רבה בר מחסטא אמר רב חמא בר גוריא אמר רב יפה תענית ואמרלחלו כא לנעורת ואמר רב חסדא ובו ביו וא”ר יוס ואפילו בשבת

And Rabbah bar Mechasya said in the name of R’ Chama bar Gurya who said in the name of Rav a fast is helpful [to nullify the harmful message] of a dream as fire is [effective to burning] flax. And R’ Chisda said [that it must be observed] that day and R’ Yosef said [that it may be observed] even on Shabbos.

The Tur 1 cites opinions who assert that nowadays people should not fast on Shabbos if they experience a bad dream because we no longer know how to properly interpret dreams to know whether the dream portends good or bad things to come. Rav Schneur Zalman of Liadi 2, the Shulchan Aruch HaRav, explains that this applies even to those dreams that were explained by Chazal. Just like medical treatments men-tioned by Chazal are no longer practiced, so too their interpretation of dreams is no longer practiced. Therefore, one should not fast on Shabbos since we are uncertain whether the dream is truly bad. Rav Yaakov Chaim Sofer 3, the Kaf HaChaim, cites opinions who advise that rather than fasting on Shabbos following a bad dream one should refrain from talking with oth-ers and recite the entire book of Tehillim. On Sunday if they wish to fast they may fast and the appropriate tzedakah should be given at that time.

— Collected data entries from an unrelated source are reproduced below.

(* Let $V$ be a toroidal vertex algebra and let $(W,Y_W)$ be a $V$-module. Then for every $v\in V$ and $(m_0,\mathbf{m})\in\mathbb{Z}\times\mathbb{Z}^r$, $$Y_W(v_{m_0,\mathbf{m}}\mathbf{1};x_0,\mathbf{x})\in \mathbf{x}^{-\mathbf{m}}\,\mathcal{E}(W),$$ and $$Y_W(v;x_0,\mathbf{x})=\sum_{\mathbf{m}\in\mathbb{Z}^r}Y_W(v_{-1,\mathbf{m}}\mathbf{1};x_0,\mathbf{x}).$$ For $u\in V^0$ set $Y_W^0(u,x_0)=Y_W(u;x_0,\mathbf{x})|_{\mathbf{x}=1}\in\mathcal{E}(W)$. Then $(W,Y_W^0)$ is a module for $V^0$ viewed as a vertex algebra (with vertex operator map $Y^0$). Furthermore, if $(W,Y_W)$ is an irreducible $V$-module, then $(W,Y_W^0)$ is an irreducible module for the vertex algebra $V^0$.
   Context: Fix a positive integer $r$. Write $\mathbf{x}=(x_1,\dots,x_r)$ and $\mathbf{x}^{\mathbf{m}}=x_1^{m_1}\cdots x_r^{m_r}$ for $\mathbf{m}\in\mathbb{Z}^r$ (similarly for other variables), and $\mathbf{z}\mathbf{y}=(z_1y_1,\dots,z_ry_r)$. For a vector space $W$ put $\mathcal{E}(W,r)=\mathrm{Hom}(W,W[[x_1^{\pm1},\dots,x_r^{\pm1}]]((x_0)))$ and $\mathcal{E}(W)=\mathrm{Hom}(W,W((x_0)))$. A toroidal vertex algebra is a vector space $V$ with a linear map $Y(\cdot;x_0,\mathbf{x}):V\to\mathcal{E}(V,r)$, $v\mapsto\sum_{(m_0,\mathbf{m})\in\mathbb{Z}\times\mathbb{Z}^r}v_{m_0,\mathbf{m}}x_0^{-m_0-1}\mathbf{x}^{-\mathbf{m}}$, and a vector $\mathbf{1}\in V$ such that $Y(\mathbf{1};x_0,\mathbf{x})v=v$ and $Y(v;x_0,\mathbf{x})\mathbf{1}\in V[[x_0,x_1^{\pm1},\dots,x_r^{\pm1}]]$ for all $v\in V$, and for all $u,v\in V$ $$z_0^{-1}\delta\!\left(\tfrac{x_0-y_0}{z_0}\right)Y(u;x_0,\mathbf{z}\mathbf{y})Y(v;y_0,\mathbf{y})-z_0^{-1}\delta\!\left(\tfrac{y_0-x_0}{-z_0}\right)Y(v;y_0,\mathbf{y})Y(u;x_0,\mathbf{z}\mathbf{y})=y_0^{-1}\delta\!\left(\tfrac{x_0-z_0}{y_0}\right)Y(Y(u;z_0,\mathbf{z})v;y_0,\mathbf{y}),$$ where $Y(u;x_0,\mathbf{z}\mathbf{y})=\sum u_{m_0,\mathbf{m}}x_0^{-m_0-1}\mathbf{z}^{-\mathbf{m}}\mathbf{y}^{-\mathbf{m}}$. A $V$-module is a vector space $W$ with a linear map $Y_W(\cdot;x_0,\mathbf{x}):V\to\mathcal{E}(W,r)$ with $Y_W(\mathbf{1};x_0,\mathbf{x})=1_W$ satisfying the same Jacobi identity with $Y$ replaced by $Y_W$ in the three outer operator places (the inner $Y(u;z_0,\mathbf{z})v$ remaining the algebra's). For a toroidal vertex algebra $V$, $V^0=\mathrm{span}\{v_{m_0,\mathbf{m}}\mathbf{1}\mid v\in V,(m_0,\mathbf{m})\in\mathbb{Z}\times\mathbb{Z}^r\}$; it is a toroidal vertex subalgebra, $Y(v;x_0,\mathbf{x})\in\mathcal{E}(V)[x_1^{\pm1},\dots,x_r^{\pm1}]$ for $v\in V^0$, and with $Y^0(v,x_0)=Y(v;x_0,\mathbf{x})|_{\mathbf{x}=1}$ the triple $(V^0,Y^0,\mathbf{1})$ is a vertex algebra. *)

theory Defs
  imports Complex_Main "HOL-Analysis.Finite_Cartesian_Product"
begin

text \<open>
A vector space is a type of class
ab_group_add together with a scalar multiplication s such that vector_space s holds.
Z^r is the type int ^ 'r for a finite (hence nonempty) index type 'r, so r = CARD('r) \<ge> 1.

A formal operator series  Y(u;x0,x) = sum u_{m0,m} x0^(-m0-1) x^(-m)  is represented by its
coefficient function:  Y u m0 m w  is  u_{m0,m} w.  For ordinary vertex operators
Y(u,x0) = sum u_{m0} x0^(-m0-1) we write  Y u m0 w  for  u_{m0} w.
\<close>

text \<open>Finite-support sum: the sum of the (finitely many) nonzero values of f.
 This is the coefficientwise value of a formal sum whose family is locally finite.\<close>
definition fsum :: "('i \<Rightarrow> 'a::comm_monoid_add) \<Rightarrow> 'a" where
  "fsum f = sum f {k. f k \<noteq> 0}"

text \<open>Coefficients of the three terms of the Jacobi identity (toroidal case).
 Coefficient of  z0^(-n-1) x0^(-p-1) y0^(-q-1) z^(-a) y^(-c)  applied to w, where
 z0^(-1) delta((x0-y0)/z0) = sum_n z0^(-n-1) (x0-y0)^n  with (x0-y0)^n expanded in
 nonnegative powers of y0, etc.  Here YW is the outer operator map and Y the inner one.\<close>

definition tjac1 ::
  "(complex \<Rightarrow> 'w::ab_group_add \<Rightarrow> 'w) \<Rightarrow> ('v \<Rightarrow> int \<Rightarrow> int^'r \<Rightarrow> 'w \<Rightarrow> 'w)
   \<Rightarrow> 'v \<Rightarrow> 'v \<Rightarrow> int \<Rightarrow> int \<Rightarrow> int \<Rightarrow> int^'r \<Rightarrow> int^'r \<Rightarrow> 'w \<Rightarrow> 'w" where
  "tjac1 sW YW u v n p q a c w =
     fsum (\<lambda>k::nat. sW ((-1) ^ k * (of_int n gchoose k))
                        (YW u (n + p - int k) a (YW v (q + int k) (c - a) w)))"

definition tjac2 ::
  "(complex \<Rightarrow> 'w::ab_group_add \<Rightarrow> 'w) \<Rightarrow> ('v \<Rightarrow> int \<Rightarrow> int^'r \<Rightarrow> 'w \<Rightarrow> 'w)
   \<Rightarrow> 'v \<Rightarrow> 'v \<Rightarrow> int \<Rightarrow> int \<Rightarrow> int \<Rightarrow> int^'r \<Rightarrow> int^'r \<Rightarrow> 'w \<Rightarrow> 'w" where
  "tjac2 sW YW u v n p q a c w =
     fsum (\<lambda>k::nat. sW ((-1) powi n * (-1) ^ k * (of_int n gchoose k))
                        (YW v (n + q - int k) (c - a) (YW u (p + int k) a w)))"

definition tjac3 ::
  "(complex \<Rightarrow> 'w::ab_group_add \<Rightarrow> 'w) \<Rightarrow> ('v \<Rightarrow> int \<Rightarrow> int^'r \<Rightarrow> 'w \<Rightarrow> 'w)
   \<Rightarrow> ('v \<Rightarrow> int \<Rightarrow> int^'r \<Rightarrow> 'v \<Rightarrow> 'v)
   \<Rightarrow> 'v \<Rightarrow> 'v \<Rightarrow> int \<Rightarrow> int \<Rightarrow> int \<Rightarrow> int^'r \<Rightarrow> int^'r \<Rightarrow> 'w \<Rightarrow> 'w" where
  "tjac3 sW YW Y u v n p q a c w =
     fsum (\<lambda>k::nat. sW ((-1) ^ k * (of_int (int k - p - 1) gchoose k))
                        (YW (Y u (n + int k) a v) (p + q - int k) c w))"

definition toroidal_jacobi where
  "toroidal_jacobi sW YW Y \<longleftrightarrow>
     (\<forall>u v n p q a c w. tjac1 sW YW u v n p q a c w - tjac2 sW YW u v n p q a c w
                          = tjac3 sW YW Y u v n p q a c w)"

definition toroidal_va ::
  "(complex \<Rightarrow> 'v::ab_group_add \<Rightarrow> 'v) \<Rightarrow> ('v \<Rightarrow> int \<Rightarrow> int^'r \<Rightarrow> 'v \<Rightarrow> 'v) \<Rightarrow> 'v \<Rightarrow> bool" where
  "toroidal_va sV Y one \<longleftrightarrow>
     vector_space sV \<and>
     (\<forall>m0 m w. Vector_Spaces.linear sV sV (\<lambda>u. Y u m0 m w)) \<and>
     (\<forall>u m0 m. Vector_Spaces.linear sV sV (Y u m0 m)) \<and>
     (\<forall>u w. \<exists>N. \<forall>m0\<ge>N. \<forall>m. Y u m0 m w = 0) \<and>
     (\<forall>m0 m v. Y one m0 m v = (if m0 = -1 \<and> m = 0 then v else 0)) \<and>
     (\<forall>v m0 m. m0 \<ge> 0 \<longrightarrow> Y v m0 m one = 0) \<and>
     toroidal_jacobi sV Y Y"

definition toroidal_module ::
  "(complex \<Rightarrow> 'v::ab_group_add \<Rightarrow> 'v) \<Rightarrow> ('v \<Rightarrow> int \<Rightarrow> int^'r \<Rightarrow> 'v \<Rightarrow> 'v) \<Rightarrow> 'v
   \<Rightarrow> (complex \<Rightarrow> 'w::ab_group_add \<Rightarrow> 'w) \<Rightarrow> ('v \<Rightarrow> int \<Rightarrow> int^'r \<Rightarrow> 'w \<Rightarrow> 'w) \<Rightarrow> bool" where
  "toroidal_module sV Y one sW YW \<longleftrightarrow>
     vector_space sW \<and>
     (\<forall>m0 m w. Vector_Spaces.linear sV sW (\<lambda>u. YW u m0 m w)) \<and>
     (\<forall>u m0 m. Vector_Spaces.linear sW sW (YW u m0 m)) \<and>
     (\<forall>u w. \<exists>N. \<forall>m0\<ge>N. \<forall>m. YW u m0 m w = 0) \<and>
     (\<forall>m0 m w. YW one m0 m w = (if m0 = -1 \<and> m = 0 then w else 0)) \<and>
     toroidal_jacobi sW YW Y"
lemma condition_b_iff:
  assumes "norm (e k) = 1" "1 \<le> k"
  shows "(\<exists>c. Pk e k (e (k+1)) = c *\<^sub>R e k)
    \<longleftrightarrow> inner_factors_through (e k) (e ` {1..k}) {e (k+1)}"
proof -
  have "subspace (Ssp e k)" "e k \<in> Ssp e k" using assms unfolding Ssp_def by (auto simp: span_base)
  then have "(\<exists>c. Pk e k (e (k+1)) = c *\<^sub>R e k) \<longleftrightarrow> inner_factors_through (e k) {e (k+1)} (Ssp e k)"
    unfolding Pk_def inner_factors_through_def
    using assms(1) by (simp add: orth_proj_parallel_iff orth_proj_eq_component_iff)
  then show ?thesis
    by (simp add: Ssp_def inner_factors_through_span_right inner_factors_through_commute[of _ "{_}"])
qed

lemma condition_c_iff:
  assumes "norm (e k) = 1" "k \<le> n"
  shows "(\<forall>x\<in>Ssp e (k - 1). \<forall>y\<in>Tsp e n (n - k). orthogonal (Mk' e k x) (Mk' e k y))
    \<longleftrightarrow> inner_factors_through (e k) (e ` {1..k-1}) (e ` {k+1..n})"
proof -
  have "(\<forall>x\<in>Ssp e (k - 1). \<forall>y\<in>Tsp e n (n - k). orthogonal (Mk' e k x) (Mk' e k y))
      \<longleftrightarrow> inner_factors_through (e k) (Ssp e (k - 1)) (Tsp e n (n - k))"
    by (simp add: orthogonal_def inner_Mk'[of e k, OF assms(1)] inner_factors_through_def)
  then show ?thesis
    using assms by (simp add: Tsp_eq Ssp_def inner_factors_through_span)
qed

lemma condition_d_iff:
  assumes "norm (e (k+1)) = 1" "k + 1 \<le> n"
  shows "(\<forall>v\<in>Ssp e k. Qk e n (n - k) v = Mk e (k+1) v)
    \<longleftrightarrow> inner_factors_through (e (k+1)) (e ` {1..k}) (e ` {k+1..n})"
proof -
  have "subspace (Tsp e n (n - k))" "e (k+1) \<in> Tsp e n (n - k)"
    using assms by (auto simp: Tsp_eq span_base)
  then have "(\<forall>v\<in>Ssp e k. Qk e n (n - k) v = Mk e (k+1) v)
      \<longleftrightarrow> inner_factors_through (e (k+1)) (Ssp e k) (Tsp e n (n - k))"
    unfolding Qk_def Mk_eq[of e "k+1", OF assms(1)] inner_factors_through_def
    using assms(1) by (simp add: orth_proj_eq_component_iff)
  then show ?thesis
    using assms by (simp add: Tsp_eq Ssp_def inner_factors_through_span)
qed

lemma condition_e_iff:
  assumes "norm (e (k+1)) = 1" "k + 1 \<le> n"
  shows "(\<exists>c. Qk e n (n - k) (e k) = c *\<^sub>R e (k+1))
    \<longleftrightarrow> inner_factors_through (e (k+1)) {e k} (e ` {k+1..n})"
proof -
  have "subspace (Tsp e n (n - k))" "e (k+1) \<in> Tsp e n (n - k)"
    using assms by (auto simp: Tsp_eq span_base)
  then have "(\<exists>c. Qk e n (n - k) (e k) = c *\<^sub>R e (k+1))
      \<longleftrightarrow> inner_factors_through (e (k+1)) {e k} (Tsp e n (n - k))"
    unfolding Qk_def inner_factors_through_def
    using assms(1) by (simp add: orth_proj_parallel_iff orth_proj_eq_component_iff)
  then show ?thesis
    using assms by (simp add: Tsp_eq inner_factors_through_span_right)
qed

end

theorem proposition3:
  fixes e :: "nat \<Rightarrow> 'a::euclidean_space" and n :: nat
  assumes "n \<ge> 3"
    and "DIM('a) = n"
    and "inj_on e {1..n}"
    and "independent (e ` {1..n})"
    and "span (e ` {1..n}) = UNIV"
    and "\<And>i. i \<in> {1..n} \<Longrightarrow> norm (e i) = 1"
  defines "A \<equiv> (\<forall>k\<in>{1..n-1}. \<forall>v\<in>Tsp e n (n - k). Pk e k v = Mk e k v)"
    and "B \<equiv> (\<forall>k\<in>{1..n-1}. \<exists>c::real. Pk e k (e (k+1)) = c *\<^sub>R e k)"
    and "C \<equiv> (\<forall>k\<in>{2..n-1}. \<forall>x\<in>Ssp e (k - 1). \<forall>y\<in>Tsp e n (n - k).
               orthogonal (Mk' e k x) (Mk' e k y))"
    and "D \<equiv> (\<forall>k\<in>{1..n-1}. \<forall>v\<in>Ssp e k. Qk e n (n - k) v = Mk e (k+1) v)"
    and "E \<equiv> (\<forall>k\<in>{1..n-1}. \<exists>c::real. Qk e n (n - k) (e k) = c *\<^sub>R e (k+1))"
  shows "(A \<longleftrightarrow> B) \<and> (A \<longleftrightarrow> C) \<and> (A \<longleftrightarrow> D) \<and> (A \<longleftrightarrow> E)"
proof -
  have unit: "norm (e k) = 1" if "k \<in> {1..n}" for k using assms(6) that .
  define g where "g i j = e i \<bullet> e j" for i j
  have sym: "g i j = g j i" for i j by (simp add: g_def inner_commute)
  have diag: "\<forall>k\<in>{1..n}. g k k = 1" using unit by (simp add: g_def norm_eq_1)
  have "A \<longleftrightarrow> (\<forall>k\<in>{1..n-1}. inner_factors_through (e k) (e ` {1..k}) (e ` {k+1..n}))"
    unfolding A_def using unit by (intro ball_cong refl condition_a_iff) auto
  then have A: "A \<longleftrightarrow> chain_factorizes n g"
    unfolding chain_factorizes_iff_left_cuts[where g = g, OF sym diag]
    by (simp add: inner_factors_through_def g_def)
  have "B \<longleftrightarrow> (\<forall>k\<in>{1..n-1}. inner_factors_through (e k) (e ` {1..k}) {e (k+1)})"
    unfolding B_def using unit by (intro ball_cong refl condition_b_iff) auto
  then have B: "B \<longleftrightarrow> chain_factorizes n g"
    unfolding chain_factorizes_iff_through_predecessor[where g = g, OF sym diag]
    by (simp add: inner_factors_through_def g_def)
  have "C \<longleftrightarrow> (\<forall>k\<in>{2..n-1}. inner_factors_through (e k) (e ` {1..k-1}) (e ` {k+1..n}))"
    unfolding C_def using unit by (intro ball_cong refl condition_c_iff) auto
  then have C: "C \<longleftrightarrow> chain_factorizes n g"
    unfolding chain_factorizes_iff_inner_cuts
    by (simp add: inner_factors_through_def g_def)
  have "D \<longleftrightarrow> (\<forall>k\<in>{1..n-1}. inner_factors_through (e (k+1)) (e ` {1..k}) (e ` {k+1..n}))"
    unfolding D_def using unit by (intro ball_cong refl condition_d_iff) auto
  then have D: "D \<longleftrightarrow> chain_factorizes n g"
    unfolding chain_factorizes_iff_right_cuts[where g = g, OF sym diag]
    by (simp add: inner_factors_through_def g_def)
  have "E \<longleftrightarrow> (\<forall>k\<in>{1..n-1}. inner_factors_through (e (k+1)) {e k} (e ` {k+1..n}))"
    unfolding E_def using unit by (intro ball_cong refl condition_e_iff) auto
  then have E: "E \<longleftrightarrow> chain_factorizes n g"
    unfolding chain_factorizes_iff_through_successor[where g = g, OF sym diag]
    by (simp add: inner_factors_through_def g_def)
  show ?thesis using A B C D E by blast
qed

end
(* Let $T$ be a non-star tree containing an edge $xy$ with $d_T(x)=1$ and $d_T(y)\ge 3$. Suppose that for every neighbor $y'\ne x$ of $y$, the tree $T_{(y',y)}$ is a neighbor $F$-tree of $y$ which is not a single vertex (i.e. not isomorphic to $P_1$). Then there exists a $(T,x)$-good 2-placement.
   Context: All graphs are finite, simple and undirected; $P_k$ is the path on $k$ vertices. A non-star tree is a tree not isomorphic to a star $K_{1,m}$ for any $m\ge0$. For an edge $ab$ of a tree $T$, $T_{(a,b)}$ denotes the connected component containing $a$ in $T-\{ab\}$; it is a neighbor $F$-tree of $b$ if it is a path with at most $3$ vertices and, when it has exactly $3$ vertices, $a$ is an end vertex of it. A permutation $\sigma$ of $V(T)$ is a 2-placement of $T$ if $\sigma(a)\sigma(b)\notin E(T)$ for every edge $ab\in E(T)$; $\sigma(T)\subseteq T^k$ means $dist_T(\sigma(a),\sigma(b))\le k$ for every edge $ab$ of $T$. A fixed-point-free permutation $\sigma$ of $V(T)$ is a $(T,x)$-good 2-placement if (distances and degrees in $T$): (1) $\sigma$ is a 2-placement of $T$; (2) $\sigma(T)\subseteq T^5$; (3) $dist(x,\sigma(x))=1$; (4) $dist(w,\sigma(w))\le 2$ for every neighbor $w$ of $x$; (5) $dist(w,\sigma(w))\le 4$ for every $w$ of degree $1$. *)

theory Defs
  imports Main
begin

definition simple_graph :: "'a set \<Rightarrow> ('a \<Rightarrow> 'a \<Rightarrow> bool) \<Rightarrow> bool" where
  "simple_graph V E \<longleftrightarrow> finite V \<and> (\<forall>u v. E u v \<longrightarrow> u \<in> V \<and> v \<in> V)
     \<and> (\<forall>u v. E u v \<longrightarrow> E v u) \<and> (\<forall>u. \<not> E u u)"

definition walk :: "('a \<Rightarrow> 'a \<Rightarrow> bool) \<Rightarrow> 'a list \<Rightarrow> bool" where
  "walk E xs \<longleftrightarrow> xs \<noteq> [] \<and> (\<forall>i. Suc i < length xs \<longrightarrow> E (xs ! i) (xs ! Suc i))"

definition connected_graph :: "'a set \<Rightarrow> ('a \<Rightarrow> 'a \<Rightarrow> bool) \<Rightarrow> bool" where
  "connected_graph V E \<longleftrightarrow> V \<noteq> {} \<and>
     (\<forall>u\<in>V. \<forall>v\<in>V. \<exists>xs. walk E xs \<and> hd xs = u \<and> last xs = v)"

definition has_cycle :: "('a \<Rightarrow> 'a \<Rightarrow> bool) \<Rightarrow> bool" where
  "has_cycle E \<longleftrightarrow> (\<exists>vs. 3 \<le> length vs \<and> distinct vs \<and> walk E vs \<and> E (last vs) (hd vs))"

definition is_tree :: "'a set \<Rightarrow> ('a \<Rightarrow> 'a \<Rightarrow> bool) \<Rightarrow> bool" where
  "is_tree V E \<longleftrightarrow> simple_graph V E \<and> connected_graph V E \<and> \<not> has_cycle E"

definition degree :: "'a set \<Rightarrow> ('a \<Rightarrow> 'a \<Rightarrow> bool) \<Rightarrow> 'a \<Rightarrow> nat" where
  "degree V E v = card {w \<in> V. E v w}"

definition gdist :: "('a \<Rightarrow> 'a \<Rightarrow> bool) \<Rightarrow> 'a \<Rightarrow> 'a \<Rightarrow> nat" where
  "gdist E u v = (LEAST n. \<exists>xs. walk E xs \<and> hd xs = u \<and> last xs = v \<and> length xs = Suc n)"

definition is_star :: "'a set \<Rightarrow> ('a \<Rightarrow> 'a \<Rightarrow> bool) \<Rightarrow> bool" where
  "is_star V E \<longleftrightarrow> (\<exists>c\<in>V. (\<forall>v\<in>V. v \<noteq> c \<longrightarrow> E c v) \<and> (\<forall>u v. E u v \<longrightarrow> u = c \<or> v = c))"

definition del_edge :: "('a \<Rightarrow> 'a \<Rightarrow> bool) \<Rightarrow> 'a \<Rightarrow> 'a \<Rightarrow> 'a \<Rightarrow> 'a \<Rightarrow> bool" where
  "del_edge E a b = (\<lambda>u v. E u v \<and> {u, v} \<noteq> {a, b})"

text \<open>Vertex set of T_(a,b): component containing a in T - {ab}.\<close>
definition branch :: "('a \<Rightarrow> 'a \<Rightarrow> bool) \<Rightarrow> 'a \<Rightarrow> 'a \<Rightarrow> 'a set" where
  "branch E a b = {v. \<exists>xs. walk (del_edge E a b) xs \<and> hd xs = a \<and> last xs = v}"

definition path_seq :: "'a set \<Rightarrow> ('a \<Rightarrow> 'a \<Rightarrow> bool) \<Rightarrow> 'a list \<Rightarrow> bool" where
  "path_seq C E vs \<longleftrightarrow> vs \<noteq> [] \<and> distinct vs \<and> set vs = C \<and>
     (\<forall>u\<in>C. \<forall>v\<in>C. E u v \<longleftrightarrow> (\<exists>i. Suc i < length vs \<and> {vs ! i, vs ! Suc i} = {u, v}))"

definition neighbor_F_tree :: "('a \<Rightarrow> 'a \<Rightarrow> bool) \<Rightarrow> 'a \<Rightarrow> 'a \<Rightarrow> bool" where
  "neighbor_F_tree E a b \<longleftrightarrow>
     (\<exists>vs. path_seq (branch E a b) (del_edge E a b) vs \<and> length vs \<le> 3 \<and>
        (length vs = 3 \<longrightarrow> a = hd vs \<or> a = last vs))"

definition good_2_placement :: "'a set \<Rightarrow> ('a \<Rightarrow> 'a \<Rightarrow> bool) \<Rightarrow> 'a \<Rightarrow> ('a \<Rightarrow> 'a) \<Rightarrow> bool" where
  "good_2_placement V E x \<sigma> \<longleftrightarrow>
     bij_betw \<sigma> V V \<and> (\<forall>v\<in>V. \<sigma> v \<noteq> v) \<and>
     (\<forall>a b. E a b \<longrightarrow> \<not> E (\<sigma> a) (\<sigma> b)) \<and>
     (\<forall>a b. E a b \<longrightarrow> gdist E (\<sigma> a) (\<sigma> b) \<le> 5) \<and>
     gdist E x (\<sigma> x) = 1 \<and>
     (\<forall>w\<in>V. E x w \<longrightarrow> gdist E w (\<sigma> w) \<le> 2) \<and>
     (\<forall>w\<in>V. degree V E w = 1 \<longrightarrow> gdist E w (\<sigma> w) \<le> 4)"

end

theory Submission
  imports Defs
begin

text \<open>
  The hypotheses force T to be a spider: besides the leaf x, every neighbour a of y carries a
  leg a--b or a--b--c hanging off y, and distinct legs are disjoint and non-adjacent.
  List the other neighbours of y as a1, ..., ak and let G shift y, a1, ..., ak onto
  a1, ..., ak, x. The placement sends x to y, every hub vertex u in {y, a1, ..., ak} to the
  second vertex of the leg at G u (to x if G u = x), and inside a leg a--b--c sends b to c and
  c to a (b to a for a leg a--b). Each edge is then mapped to a non-adjacent pair (two vertices
  of different legs, x or y together with a non-root leg vertex, or the two ends of a leg
  a--b--c), and every distance bound is witnessed by an explicit walk through y.
\<close>

section \<open>Walks and distance\<close>

lemma walk_singleton [simp]: "walk E [u]"
  by (simp add: walk_def)

lemma walk_Cons_Cons [simp]: "walk E (u # v # vs) \<longleftrightarrow> E u v \<and> walk E (v # vs)"
  by (auto simp: walk_def nth_Cons split: nat.split)

lemma walk_snoc: "xs \<noteq> [] \<Longrightarrow> walk E (xs @ [w]) \<longleftrightarrow> walk E xs \<and> E (last xs) w"
  by (induction xs rule: induct_list012) simp_all

lemma walk_take: "walk E xs \<Longrightarrow> 0 < n \<Longrightarrow> walk E (take n xs)"
  unfolding walk_def by auto
(* Let $G=(V,E)$ be a finite simple graph of order $n$ and let $T=n-1$. If $(s,x,y,z)$ is an optimal solution of the integer program with the constraints of the Infection Model $\mathrm{IM}(G,T)$ and objective "minimize $\sum_{v\in V}s_v+z$", then $C=\{v\in V\colon s_v=1\}$ is a zero forcing set of $G$ with $\mathrm{th}(G)=\mathrm{th}(G,C)=\sum_{v\in V}s_v+z$.
   Context: Zero forcing: under the standard color change rule a filled vertex $u$ can force a non-filled vertex $v$ if $v$ is the only non-filled neighbor of $u$; $C\subseteq V$ is a zero forcing set if, starting with $C$ filled and repeatedly forcing, all of $V$ becomes filled. The propagation time $\mathrm{pt}(G,C)$ is the smallest $t^*$ such that, starting from $C^{[0]}=C$ and setting $C^{[t]}=C^{[t-1]}\cup\{v\notin C^{[t-1]}\colon$ some $u\in C^{[t-1]}$ has $v$ as its only neighbor outside $C^{[t-1]}\}$, one has $C^{[t^*]}=V$ ($\infty$ if $C$ is not a zero forcing set). The throttling number of $C$ is $\mathrm{th}(G,C)=|C|+\mathrm{pt}(G,C)$ and $\mathrm{th}(G)=\min_{C\subseteq V}\mathrm{th}(G,C)$. $N(u)$ is the neighborhood of $u$. Infection Model constraints: let $A$ be the set of arcs containing both $(u,v)$ and $(v,u)$ for each edge $\{u,v\}\in E$. Variables $s_v\in\{0,1\}$ and $x_v\in\{0,1,\dots,T\}$ for $v\in V$, $y_a\in\{0,1\}$ for $a\in A$, and $z\in\{0,1,\dots,T\}$, subject to: (i) $s_v+\sum_{a=(u,v)\in A}y_a=1$ for all $v\in V$; (ii) $x_u-x_v+(T+1)y_a\leq T$ for all $a=(u,v)\in A$; (iii) $x_w-x_v+(T+1)y_a\leq T$ for all $a=(u,v)\in A$ and $w\in N(u)\setminus\{v\}$; (iv) $x_v-z\leq 0$ for all $v\in V$. *)

theory Defs
  imports Main "HOL-Library.Extended_Nat"
begin

definition simple_graph :: "'a set \<Rightarrow> ('a \<Rightarrow> 'a \<Rightarrow> bool) \<Rightarrow> bool" where
  "simple_graph V E \<longleftrightarrow> finite V \<and> (\<forall>u v. E u v \<longrightarrow> u \<in> V \<and> v \<in> V)
     \<and> (\<forall>u v. E u v \<longrightarrow> E v u) \<and> (\<forall>u. \<not> E u u)"

definition nbhd :: "'a set \<Rightarrow> ('a \<Rightarrow> 'a \<Rightarrow> bool) \<Rightarrow> 'a \<Rightarrow> 'a set" where
  "nbhd V E u = {v \<in> V. E u v}"

inductive filled :: "'a set \<Rightarrow> ('a \<Rightarrow> 'a \<Rightarrow> bool) \<Rightarrow> 'a set \<Rightarrow> 'a \<Rightarrow> bool"
  for V E C where
  init: "v \<in> C \<Longrightarrow> filled V E C v"
| force: "filled V E C u \<Longrightarrow> v \<in> nbhd V E u \<Longrightarrow>
          (\<forall>w \<in> nbhd V E u - {v}. filled V E C w) \<Longrightarrow> filled V E C v"

definition zero_forcing_set :: "'a set \<Rightarrow> ('a \<Rightarrow> 'a \<Rightarrow> bool) \<Rightarrow> 'a set \<Rightarrow> bool" where
  "zero_forcing_set V E C \<longleftrightarrow> C \<subseteq> V \<and> (\<forall>v \<in> V. filled V E C v)"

  • So you can fast half a day but you have to decide it the day before?
    – Aigle
    Aug 25, 2016 at 15:00
  • That is what Shmuel says explicitly. and what Rambam understands Rav Hisda to say. It also appears to be what the Terumat hadeshen and the Rema say at the end. Aug 25, 2016 at 15:03
  • But why a day before?
    – Aigle
    Aug 25, 2016 at 22:07
  • @Eagle You are supposed to declare it at the previous Mincha and not decide at the last minute. However, it is possible that a "dream taanis" has different rules but you would have to look that up. Aug 25, 2016 at 23:22

The Ba'al HaTanya writes in Igeret HaTeshuvah chapter 3 concerning breaking up personal fasts into half days. He cites the Yerushalmi that fasting until chatzot is still considered a fast. This can be found in Nedarim 8:1, Gemara beginning with "Rabbi Acha" and it continues with a few examples of rabbis taking on partial fasts.